◆ **WHAT YOU ARE ASKED TO DO**: Repeat the listing below word for word, stopping after the line that contains "p f \<longleftrightarrow>".

◆ **DATA IN THIS EXERCISE**:
(* Let $p$ be a prime and $X$ a countably infinite set. Then the ring $\mathcal{B}_{(1)}(\mathbb{Q}_p(X))$ is an infinite sum ring. In particular, $K_0(\mathcal{B}_{(1)}(\mathbb{Q}_p(X)))=0$.
   Context: $\mathbb{Q}_p(X)$ is the set of maps $\xi:X\to\mathbb{Q}_p$ with $|\xi(i)|_p\le1$ for all but finitely many $i$, a $\mathbb{Z}_p$-module under coordinatewise operations, with the topology $\tau$ in which $A\subseteq\mathbb{Q}_p(X)$ is open iff for every finite $P\subseteq X$ the set $A\cap\big(\prod_{i\in P}\mathbb{Q}_p\times\prod_{j\in X\setminus P}\mathbb{Z}_p\big)$ is open in the product topology. $\mathcal{B}(\mathbb{Q}_p(X))$ is the ring of $\tau$-continuous $\mathbb{Z}_p$-linear maps, normed by $\|T\|=\sup_{\|\xi\|\le1}\|T\xi\|$ with $\|\xi\|=\max_i|\xi(i)|_p$, and $\mathcal{B}_{(1)}(\mathbb{Q}_p(X))$ is the subring of operators of norm at most $1$. A sum ring is a unital ring $R$ with elements $a_0,b_0,a_1,b_1$ such that $a_0b_0=a_1b_1=1$ and $b_0a_0+b_1a_1=1$; then $x\boxplus y:=b_0xa_0+b_1ya_1$ defines a unital ring homomorphism $R\times R\to R$. An infinite sum ring is a sum ring with a unital ring homomorphism $R\to R$, $a\mapsto a^\infty$, such that $a\boxplus a^\infty=a^\infty$ for all $a\in R$. *)

theory Defs
  imports "HOL-Analysis.Analysis" "HOL-Algebra.Ring" "HOL-Algebra.RingHom"
    "HOL-Computational_Algebra.Factorial_Ring"
begin

definition padic_abs_rat :: "nat \<Rightarrow> rat \<Rightarrow> real" where
  "padic_abs_rat p q =
     (if q = 0 then 0
      else (case quotient_of q of (a, b) \<Rightarrow>
              real p powr (real (multiplicity (int p) b) - real (multiplicity (int p) a))))"

definition padic_cauchy :: "nat \<Rightarrow> (nat \<Rightarrow> rat) \<Rightarrow> bool" where
  "padic_cauchy p f \<longleftrightarrow>
     (\<forall>e>0. \<exists>N. \<forall>m\<ge>N. \<forall>n\<ge>N. padic_abs_rat p (f m - f n) < e)"

definition padic_equiv :: "nat \<Rightarrow> ((nat \<Rightarrow> rat) \<times> (nat \<Rightarrow> rat)) set" where
  "padic_equiv p = {(f, g). padic_cauchy p f \<and> padic_cauchy p g \<and>
                      (\<lambda>n. padic_abs_rat p (f n - g n)) \<longlonglongrightarrow> 0}"

type_synonym qp = "(nat \<Rightarrow> rat) set"

definition Qp :: "nat \<Rightarrow> qp set" where
  "Qp p = {f. padic_cauchy p f} // padic_equiv p"

definition qp_of :: "nat \<Rightarrow> (nat \<Rightarrow> rat) \<Rightarrow> qp" where
  "qp_of p f = padic_equiv p `` {f}"

definition qp_rep :: "qp \<Rightarrow> (nat \<Rightarrow> rat)" where
  "qp_rep A = (SOME f. f \<in> A)"

definition qp_add :: "nat \<Rightarrow> qp \<Rightarrow> qp \<Rightarrow> qp" where
  "qp_add p A B = qp_of p (\<lambda>n. qp_rep A n + qp_rep B n)"

definition qp_mult :: "nat \<Rightarrow> qp \<Rightarrow> qp \<Rightarrow> qp" where
  "qp_mult p A B = qp_of p (\<lambda>n. qp_rep A n * qp_rep B n)"

definition qp_neg :: "nat \<Rightarrow> qp \<Rightarrow> qp" where
  "qp_neg p A = qp_of p (\<lambda>n. - qp_rep A n)"

definition qp_zero :: "nat \<Rightarrow> qp" where
  "qp_zero p = qp_of p (\<lambda>n. 0)"

definition qp_abs :: "nat \<Rightarrow> qp \<Rightarrow> real" where
  "qp_abs p A = lim (\<lambda>n. padic_abs_rat p (qp_rep A n))"

definition Zp :: "nat \<Rightarrow> qp set" where
  "Zp p = {A \<in> Qp p. qp_abs p A \<le> 1}"

definition Qp_top :: "nat \<Rightarrow> qp topology" where
  "Qp_top p = topology (\<lambda>U. U \<subseteq> Qp p \<and>
      (\<forall>x\<in>U. \<exists>e>0. \<forall>y\<in>Qp p. qp_abs p (qp_add p y (qp_neg p x)) < e \<longrightarrow> y \<in> U))"

definition QpX :: "nat \<Rightarrow> ('x \<Rightarrow> qp) set" where
  "QpX p = {\<xi>. (\<forall>i. \<xi> i \<in> Qp p) \<and> finite {i. qp_abs p (\<xi> i) > 1}}"

definition vadd :: "nat \<Rightarrow> ('x \<Rightarrow> qp) \<Rightarrow> ('x \<Rightarrow> qp) \<Rightarrow> ('x \<Rightarrow> qp)" where
  "vadd p \<xi> \<eta> = (\<lambda>i. qp_add p (\<xi> i) (\<eta> i))"

definition vsmult :: "nat \<Rightarrow> qp \<Rightarrow> ('x \<Rightarrow> qp) \<Rightarrow> ('x \<Rightarrow> qp)" where
  "vsmult p a \<xi> = (\<lambda>i. qp_mult p a (\<xi> i))"

definition vzero :: "nat \<Rightarrow> ('x \<Rightarrow> qp)" where
  "vzero p = (\<lambda>i. qp_zero p)"

definition EP :: "nat \<Rightarrow> 'x set \<Rightarrow> ('x \<Rightarrow> qp) set" where
  "EP p P = {\<xi>. (\<forall>i\<in>P. \<xi> i \<in> Qp p) \<and> (\<forall>j. j \<notin> P \<longrightarrow> \<xi> j \<in> Zp p)}"

definition tau :: "nat \<Rightarrow> ('x \<Rightarrow> qp) topology" where
  "tau p = topology (\<lambda>A. A \<subseteq> QpX p \<and>
      (\<forall>P. finite P \<longrightarrow>
         openin (subtopology (product_topology (\<lambda>i. Qp_top p) UNIV) (EP p P)) (A \<inter> EP p P)))"

definition vnorm :: "nat \<Rightarrow> ('x \<Rightarrow> qp) \<Rightarrow> real" where
  "vnorm p \<xi> = (SUP i. qp_abs p (\<xi> i))"

definition Bop :: "nat \<Rightarrow> (('x \<Rightarrow> qp) \<Rightarrow> ('x \<Rightarrow> qp)) set" where
  "Bop p = {T. T \<in> extensional (QpX p) \<and> continuous_map (tau p) (tau p) T \<and>
              (\<forall>\<xi>\<in>QpX p. \<forall>\<eta>\<in>QpX p. T (vadd p \<xi> \<eta>) = vadd p (T \<xi>) (T \<eta>)) \<and>
              (\<forall>a\<in>Zp p. \<forall>\<xi>\<in>QpX p. T (vsmult p a \<xi>) = vsmult p a (T \<xi>))}"

definition Bop1 :: "nat \<Rightarrow> (('x \<Rightarrow> qp) \<Rightarrow> ('x \<Rightarrow> qp)) set" where
  "Bop1 p = {T \<in> Bop p. \<forall>\<xi>\<in>QpX p. vnorm p \<xi> \<le> 1 \<longrightarrow> vnorm p (T \<xi>) \<le> 1}"

definition Bop1_ring :: "nat \<Rightarrow> (('x \<Rightarrow> qp) \<Rightarrow> ('x \<Rightarrow> qp)) ring" where
  "Bop1_ring p =
     \<lparr> carrier = Bop1 p,
       monoid.mult = (\<lambda>S T. restrict (S \<circ> T) (QpX p)),
       one = restrict id (QpX p),
       zero = restrict (\<lambda>\<xi>. vzero p) (QpX p),
       add = (\<lambda>S T. restrict (\<lambda>\<xi>. vadd p (S \<xi>) (T \<xi>)) (QpX p)) \<rparr>"

definition sum_ring_data :: "('a, 'b) ring_scheme \<Rightarrow> 'a \<Rightarrow> 'a \<Rightarrow> 'a \<Rightarrow> 'a \<Rightarrow> bool" where
  "sum_ring_data R a0 b0 a1 b1 \<longleftrightarrow>
     a0 \<in> carrier R \<and> b0 \<in> carrier R \<and> a1 \<in> carrier R \<and> b1 \<in> carrier R \<and>
     a0 \<otimes>\<^bsub>R\<^esub> b0 = \<one>\<^bsub>R\<^esub> \<and> a1 \<otimes>\<^bsub>R\<^esub> b1 = \<one>\<^bsub>R\<^esub> \<and>
     (b0 \<otimes>\<^bsub>R\<^esub> a0) \<oplus>\<^bsub>R\<^esub> (b1 \<otimes>\<^bsub>R\<^esub> a1) = \<one>\<^bsub>R\<^esub>"

definition sum_ring :: "('a, 'b) ring_scheme \<Rightarrow> bool" where
  "sum_ring R \<longleftrightarrow> ring R \<and> (\<exists>a0 b0 a1 b1. sum_ring_data R a0 b0 a1 b1)"

definition boxplus :: "('a, 'b) ring_scheme \<Rightarrow> 'a \<Rightarrow> 'a \<Rightarrow> 'a \<Rightarrow> 'a \<Rightarrow> 'a \<Rightarrow> 'a \<Rightarrow> 'a" where
  "boxplus R a0 b0 a1 b1 x y =
     (b0 \<otimes>\<^bsub>R\<^esub> x \<otimes>\<^bsub>R\<^esub> a0) \<oplus>\<^bsub>R\<^esub> (b1 \<otimes>\<^bsub>R\<^esub> y \<otimes>\<^bsub>R\<^esub> a1)"

definition infinite_sum_ring :: "('a, 'b) ring_scheme \<Rightarrow> bool" where
  "infinite_sum_ring R \<longleftrightarrow> ring R \<and>
     (\<exists>a0 b0 a1 b1 \<phi>. sum_ring_data R a0 b0 a1 b1 \<and> \<phi> \<in> ring_hom R R \<and>
        (\<forall>a\<in>carrier R. boxplus R a0 b0 a1 b1 a (\<phi> a) = \<phi> a))"

text \<open>Matrices over \<open>R\<close> are functions \<open>nat \<Rightarrow> nat \<Rightarrow> 'a\<close>; only indices below the size matter.\<close>
definition mat_carrier :: "('a, 'b) ring_scheme \<Rightarrow> nat \<Rightarrow> nat \<Rightarrow> (nat \<Rightarrow> nat \<Rightarrow> 'a) set" where
  "mat_carrier R n m = {A. \<forall>i<n. \<forall>j<m. A i j \<in> carrier R}"

definition mat_eq :: "nat \<Rightarrow> nat \<Rightarrow> (nat \<Rightarrow> nat \<Rightarrow> 'a) \<Rightarrow> (nat \<Rightarrow> nat \<Rightarrow> 'a) \<Rightarrow> bool" where
  "mat_eq n m A B \<longleftrightarrow> (\<forall>i<n. \<forall>j<m. A i j = B i j)"

definition mat_mult :: "('a, 'b) ring_scheme \<Rightarrow> nat \<Rightarrow> (nat \<Rightarrow> nat \<Rightarrow> 'a) \<Rightarrow> (nat \<Rightarrow> nat \<Rightarrow> 'a) \<Rightarrow> (nat \<Rightarrow> nat \<Rightarrow> 'a)" where
  "mat_mult R k A B = (\<lambda>i j. finsum R (\<lambda>l. A i l \<otimes>\<^bsub>R\<^esub> B l j) {..<k})"

definition idempotent_mat :: "('a, 'b) ring_scheme \<Rightarrow> nat \<Rightarrow> (nat \<Rightarrow> nat \<Rightarrow> 'a) \<Rightarrow> bool" where
  "idempotent_mat R n e \<longleftrightarrow> e \<in> mat_carrier R n n \<and> mat_eq n n (mat_mult R n e e) e"

text \<open>Murray--von Neumann equivalence of an \<open>n\<times>n\<close> idempotent \<open>e\<close> and an \<open>m\<times>m\<close> idempotent \<open>f\<close>
  (equivalently, \<open>eR\<^sup>n \<cong> fR\<^sup>m\<close> as projective modules).\<close>
definition mvn_equiv :: "('a, 'b) ring_scheme \<Rightarrow> nat \<Rightarrow> nat \<Rightarrow> (nat \<Rightarrow> nat \<Rightarrow> 'a) \<Rightarrow> (nat \<Rightarrow> nat \<Rightarrow> 'a) \<Rightarrow> bool" where
  "mvn_equiv R n m e f \<longleftrightarrow>
     (\<exists>x y. x \<in> mat_carrier R n m \<and> y \<in> mat_carrier R m n \<and>
            mat_eq n n (mat_mult R m x y) e \<and> mat_eq m m (mat_mult R n y x) f)"
(* Let $n \geqslant 1$ and $k \geqslant 1$ be integers, and let $U$ be the function defined in the context. Let $A, C \geqslant 0$ be integers with $B := n - A - C \geqslant 0$ and $0 \leqslant A - C < k$. For integers $C'$ and $c$ with $c \equiv C' \pmod{k+1}$ put $l_{C'}(c) = \frac{C' - c}{k+1}$. Then $$U(A, C) - U(A-k, C+k) = \sum_{c \equiv C \ (\mathrm{mod}\ k+1)} \sum_{j \geqslant 0} \binom{l_C(c)}{j} \binom{n}{c+j} \binom{n - c - j - l_C(c) - 1}{B - j} - \sum_{c \equiv C-1 \ (\mathrm{mod}\ k+1)} \sum_{j \geqslant 0} \binom{l_{C-1}(c)}{j} \binom{n}{c+j} \binom{n - c - j - l_{C-1}(c) - 1}{B - j},$$ where the outer sums run over all integers $c$ in the indicated residue class (only finitely many terms are nonzero).
   Context: Binomial coefficients are generalized: for an integer (possibly negative) $m$ and integer $t$, $\binom{m}{t} = \frac{m(m-1)\cdots(m-t+1)}{t!}$ if $t \geqslant 0$ and $\binom{m}{t} = 0$ if $t < 0$. The multinomial coefficient is $\binom{n}{a, c} = \frac{n!}{a!\, c!\, (n-a-c)!}$ if $a, c, n-a-c \geqslant 0$ and $0$ otherwise. The function $U : \mathbb{Z}^2 \to \mathbb{Z}$ (depending on $n$ and $k$) is defined by: $U(a,c) = 0$ if $a < 0$, $c < 0$ or $n - a - c < 0$; for $a, c, n-a-c \geqslant 0$ with $a \geqslant c$, recursively (in decreasing order of $a$) $$U(a,c) = \binom{n}{a, c} - \binom{n}{a+1, c-1} - U(a+1, c) + U(a+1+k, c-1-k) + U(a+1+k, c-k);$$ and for $a, c, n-a-c \geqslant 0$ with $a < c$, $U(a,c) = U(c,a)$. *)

theory Defs
  imports Main "HOL-Library.Groups_Big_Fun"
begin

definition binom :: "int \<Rightarrow> int \<Rightarrow> int" where
  "binom m t = (if t < 0 then 0 else (\<Prod>i<nat t. m - int i) div fact (nat t))"

definition multinom :: "int \<Rightarrow> int \<Rightarrow> int \<Rightarrow> int" where
  "multinom n a c = (if a \<ge> 0 \<and> c \<ge> 0 \<and> n - a - c \<ge> 0
     then fact (nat n) div (fact (nat a) * fact (nat c) * fact (nat (n - a - c))) else 0)"

function U :: "nat \<Rightarrow> nat \<Rightarrow> int \<Rightarrow> int \<Rightarrow> int" where
  "U n k a c =
    (if a < 0 \<or> c < 0 \<or> int n - a - c < 0 then 0
     else if a < c then U n k c a
     else multinom (int n) a c - multinom (int n) (a + 1) (c - 1) - U n k (a + 1) c
          + U n k (a + 1 + int k) (c - 1 - int k) + U n k (a + 1 + int k) (c - int k))"
  by pat_completeness auto
termination
  by (relation "measures [\<lambda>(n, k, a, c). nat (int n + 1 - max a c),
                           \<lambda>(n, k, a, c). if a < c then 1 else 0]") auto
lemma logdet_tendsto:
  assumes "\<And>k. M k \<in> carrier_mat m m" "posdef m N" "mat_tendsto m M N F"
  shows "((\<lambda>k. logdet (M k)) \<longlongrightarrow> logdet N) F"
  unfolding logdet_def using posdef_det_pos[OF assms(2)]
  by (intro tendsto_ln tendsto_Re det_tendsto[OF assms(1) posdef_carrier[OF assms(2)] assms(3)]) auto

lemma mat_tendsto_of_frob2_diff:
  assumes "\<And>k. A k \<in> carrier_mat m m" "\<And>k. B k \<in> carrier_mat m m"
    and frob: "((\<lambda>k. frob2 m (A k - B k)) \<longlongrightarrow> 0) F" and B: "mat_tendsto m B N F"
  shows "mat_tendsto m A N F"
  unfolding mat_tendsto_def
proof (intro allI impI)
  fix i j assume ij: "i < m" "j < m"
  have le: "norm (A k $$ (i,j) - B k $$ (i,j)) \<le> sqrt (frob2 m (A k - B k))" for k
  proof (rule real_le_rsqrt)
    have "(cmod ((A k - B k) $$ (i,j)))^2 \<le> (\<Sum>j<m. (cmod ((A k - B k) $$ (i,j)))^2)"
      by (rule member_le_sum) (use ij in auto)
    also have "\<dots> \<le> frob2 m (A k - B k)"
      unfolding frob2_def by (rule member_le_sum[where f = "\<lambda>i. \<Sum>j<m. _ i j"]) (use ij in \<open>auto intro: sum_nonneg\<close>)
    moreover have "(A k - B k) $$ (i,j) = A k $$ (i,j) - B k $$ (i,j)"
      using ij by (simp add: carrier_matD[OF assms(2)])
    ultimately show "(norm (A k $$ (i,j) - B k $$ (i,j)))^2 \<le> frob2 m (A k - B k)"
      by simp
  qed
  have "((\<lambda>k. sqrt (frob2 m (A k - B k))) \<longlongrightarrow> 0) F"
    using tendsto_real_sqrt[OF frob] by simp
  then have "((\<lambda>k. A k $$ (i,j) - B k $$ (i,j)) \<longlongrightarrow> 0) F"
    by (rule tendsto_0_le[where K = 1]) (use le frob2_nonneg in \<open>auto intro: always_eventually\<close>)
  from tendsto_add[OF this] B ij show "((\<lambda>k. A k $$ (i,j)) \<longlongrightarrow> N $$ (i,j)) F"
    unfolding mat_tendsto_def by fastforce
qed
lemma mu_outer_slab_le:
  assumes R: "\<And>n. finite_rect (R n)" and cover: "A \<subseteq> (\<Union>n. rect (R n))" and I: "I \<in> sets borel"
  shows "mu_outer (A \<inter> {x. x 0 \<in> I}) \<le>
    (\<Sum>n. min (rect_vol (R n)) (emeasure lborel I * (rect_vol (R n) / emeasure lborel (R n 0))))"
proof -
  define S where "S n = (R n)(0 := R n 0 \<inter> I)" for n
  have R0: "R n 0 \<in> sets borel" for n
    using R by (rule finite_rect_side_borel)
  have side: "R n 0 \<inter> I \<in> sets borel" "emeasure lborel (R n 0 \<inter> I) \<le> emeasure lborel (R n 0)" for n
    using R0 I by (auto intro: emeasure_mono)
  have S: "finite_rect (S n)"
    and vol_S: "rect_vol (S n) = emeasure lborel (R n 0 \<inter> I) * (rect_vol (R n) / emeasure lborel (R n 0))"
    for n
    unfolding S_def using finite_rect_replace_first_side[OF R side] by blast+
  have "A \<inter> {x. x 0 \<in> I} \<subseteq> (\<Union>n. rect (S n))"
  proof
    fix x assume "x \<in> A \<inter> {x. x 0 \<in> I}"
    then obtain n where "x \<in> rect (R n)" and "x 0 \<in> I"
      using cover by blast
    then have "x \<in> rect (S n)"
      unfolding S_def rect_def by simp
    then show "x \<in> (\<Union>n. rect (S n))" by blast
  qed
  then have "mu_outer (A \<inter> {x. x 0 \<in> I}) \<le> (\<Sum>n. rect_vol (S n))"
    using S by (intro mu_outer_le_cover)
  also have "\<dots> \<le> (\<Sum>n. min (rect_vol (R n)) (emeasure lborel I * (rect_vol (R n) / emeasure lborel (R n 0))))"
  proof (intro suminf_le summableI min.boundedI)
    fix n
    have "rect_vol (S n) \<le> emeasure lborel (R n 0) * (rect_vol (R n) / emeasure lborel (R n 0))"
      unfolding vol_S using R0 I by (intro mult_right_mono emeasure_mono) auto
    also have "\<dots> = rect_vol (R n)"
      using finite_rect_replace_first_side(2)[OF R R0 order_refl, unfolded fun_upd_triv] by (rule sym)
    finally show "rect_vol (S n) \<le> rect_vol (R n)" .
    show "rect_vol (S n) \<le> emeasure lborel I * (rect_vol (R n) / emeasure lborel (R n 0))"
      unfolding vol_S using R0 I by (intro mult_right_mono emeasure_mono) auto
  qed
  finally show ?thesis .
qed

lemma tendsto_suminf_min_scaled:
  fixes v k :: "nat \<Rightarrow> real"
  assumes v: "\<And>n. 0 \<le> v n" and k: "\<And>n. 0 \<le> k n" and "summable v"
  shows "((\<lambda>\<delta>. \<Sum>n. min (v n) (\<delta> * k n)) \<longlongrightarrow> 0) (at_right 0)"
proof -
  have "((\<lambda>\<delta>. \<Sum>n. min (v n) (\<delta> * k n)) \<longlongrightarrow> (\<Sum>n. 0 :: real)) (at_right 0)"
  proof (rule tannerys_theorem[THEN conjunct2, THEN conjunct2])
    show "((\<lambda>\<delta>. min (v n) (\<delta> * k n)) \<longlongrightarrow> 0) (at_right 0)" for n
    proof -
      have "((\<lambda>\<delta>. min (v n) (\<delta> * k n)) \<longlongrightarrow> min (v n) (0 * k n)) (at_right 0)"
        by (intro tendsto_intros)
      then show ?thesis
        using v[of n] by (simp add: min_absorb2)
    qed
    have "eventually (\<lambda>x. True \<and> 0 < snd x) (at_top \<times>\<^sub>F at_right (0::real))"
      by (intro eventually_prodI) (simp_all add: eventually_at_right_less)
    then show "eventually (\<lambda>(n, \<delta>). norm (min (v n) (\<delta> * k n)) \<le> v n) (at_top \<times>\<^sub>F at_right 0)"
      by (rule eventually_mono) (auto simp: case_prod_beta abs_of_nonneg v k)
  qed (use \<open>summable v\<close> in simp_all)
  then show ?thesis
    by simp
qed

lemma mu_outer_thin_slab_less:
  assumes "mu_outer A < \<infinity>" and "0 < c"
  obtains \<delta> where "0 < \<delta>"
    and "\<And>I. I \<in> sets borel \<Longrightarrow> emeasure lborel I \<le> ennreal \<delta> \<Longrightarrow>
      mu_outer (A \<inter> {x. x 0 \<in> I}) < ennreal c"
proof -
  obtain R where R: "\<And>n. finite_rect (R n)" and cover: "A \<subseteq> (\<Union>n. rect (R n))"
    and vol_finite: "(\<Sum>n. rect_vol (R n)) < \<infinity>"
    using mu_outer_less_cover[OF assms(1)] by blast
  define K where "K n = rect_vol (R n) / emeasure lborel (R n 0)" for n
  define v where "v n = enn2real (rect_vol (R n))" for n
  define k where "k n = enn2real (K n)" for n
  have vol_R: "rect_vol (R n) = ennreal (v n)" for n
    using ennreal_suminf_lessD[OF vol_finite, of n] by (simp add: v_def less_top[symmetric])
  have K: "K n = ennreal (k n)" for n
    using rect_vol_divide_first_side_less_top[OF R, of n] by (simp add: K_def k_def less_top[symmetric])
  have v_nonneg: "0 \<le> v n" and k_nonneg: "0 \<le> k n" for n
    by (simp_all add: v_def k_def)
  have "summable v"
    using vol_finite by (intro summable_suminf_not_top v_nonneg) (simp add: vol_R less_top[symmetric])
  from order_tendstoD(2)[OF tendsto_suminf_min_scaled[of v k, OF v_nonneg k_nonneg this] \<open>0 < c\<close>]
  obtain b where "0 < b" and small: "\<And>\<delta>. 0 < \<delta> \<Longrightarrow> \<delta> < b \<Longrightarrow> (\<Sum>n. min (v n) (\<delta> * k n)) < c"
    unfolding eventually_at_right_field by auto
  show ?thesis
  proof (rule that[of "b / 2"])
    show "0 < b / 2"
      using \<open>0 < b\<close> by simp
    fix I :: "real set"
    assume I: "I \<in> sets borel" and short: "emeasure lborel I \<le> ennreal (b / 2)"
    have summable_min: "summable (\<lambda>n. min (v n) (b / 2 * k n))"
      using \<open>summable v\<close> by (rule summable_comparison_test') (use v_nonneg k_nonneg \<open>0 < b\<close> in auto)
    have "mu_outer (A \<inter> {x. x 0 \<in> I}) \<le> (\<Sum>n. min (rect_vol (R n)) (emeasure lborel I * K n))"
      using mu_outer_slab_le[OF R cover I] unfolding K_def .
    also have "\<dots> \<le> (\<Sum>n. ennreal (min (v n) (b / 2 * k n)))"
    proof (intro suminf_le summableI)
      fix n
      have "emeasure lborel I * K n \<le> ennreal (b / 2) * ennreal (k n)"
        unfolding K using short by (rule mult_right_mono) simp
      also have "\<dots> = ennreal (b / 2 * k n)"
        using \<open>0 < b\<close> k_nonneg[of n] by (intro ennreal_mult[symmetric]) auto
      finally have "emeasure lborel I * K n \<le> ennreal (b / 2 * k n)" .
      then have "min (rect_vol (R n)) (emeasure lborel I * K n) \<le> min (ennreal (v n)) (ennreal (b / 2 * k n))"
        unfolding vol_R by (rule min.mono[OF order_refl])
      also have "\<dots> = ennreal (min (v n) (b / 2 * k n))"
        using v_nonneg[of n] k_nonneg[of n] \<open>0 < b\<close> by (intro min_ennreal) auto
      finally show "min (rect_vol (R n)) (emeasure lborel I * K n) \<le> ennreal (min (v n) (b / 2 * k n))" .
    qed
    also have "\<dots> = ennreal (\<Sum>n. min (v n) (b / 2 * k n))"
      using summable_min v_nonneg k_nonneg \<open>0 < b\<close> by (simp add: suminf_ennreal2)
    also have "\<dots> < ennreal c"
      using small[of "b / 2"] \<open>0 < b\<close> \<open>0 < c\<close> by (simp add: ennreal_lessI)
    finally show "mu_outer (A \<inter> {x. x 0 \<in> I}) < ennreal c" .
  qed
qed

◆ **SOLUTION FOR THIS EXERCISE**:
(* Let $p$ be a prime and $X$ a countably infinite set. Then the ring $\mathcal{B}_{(1)}(\mathbb{Q}_p(X))$ is an infinite sum ring. In particular, $K_0(\mathcal{B}_{(1)}(\mathbb{Q}_p(X)))=0$.
   Context: $\mathbb{Q}_p(X)$ is the set of maps $\xi:X\to\mathbb{Q}_p$ with $|\xi(i)|_p\le1$ for all but finitely many $i$, a $\mathbb{Z}_p$-module under coordinatewise operations, with the topology $\tau$ in which $A\subseteq\mathbb{Q}_p(X)$ is open iff for every finite $P\subseteq X$ the set $A\cap\big(\prod_{i\in P}\mathbb{Q}_p\times\prod_{j\in X\setminus P}\mathbb{Z}_p\big)$ is open in the product topology. $\mathcal{B}(\mathbb{Q}_p(X))$ is the ring of $\tau$-continuous $\mathbb{Z}_p$-linear maps, normed by $\|T\|=\sup_{\|\xi\|\le1}\|T\xi\|$ with $\|\xi\|=\max_i|\xi(i)|_p$, and $\mathcal{B}_{(1)}(\mathbb{Q}_p(X))$ is the subring of operators of norm at most $1$. A sum ring is a unital ring $R$ with elements $a_0,b_0,a_1,b_1$ such that $a_0b_0=a_1b_1=1$ and $b_0a_0+b_1a_1=1$; then $x\boxplus y:=b_0xa_0+b_1ya_1$ defines a unital ring homomorphism $R\times R\to R$. An infinite sum ring is a sum ring with a unital ring homomorphism $R\to R$, $a\mapsto a^\infty$, such that $a\boxplus a^\infty=a^\infty$ for all $a\in R$. *)

theory Defs
  imports "HOL-Analysis.Analysis" "HOL-Algebra.Ring" "HOL-Algebra.RingHom"
    "HOL-Computational_Algebra.Factorial_Ring"
begin

definition padic_abs_rat :: "nat \<Rightarrow> rat \<Rightarrow> real" where
  "padic_abs_rat p q =
     (if q = 0 then 0
      else (case quotient_of q of (a, b) \<Rightarrow>
              real p powr (real (multiplicity (int p) b) - real (multiplicity (int p) a))))"

definition padic_cauchy :: "nat \<Rightarrow> (nat \<Rightarrow> rat) \<Rightarrow> bool" where
  "padic_cauchy p f \<longleftrightarrow>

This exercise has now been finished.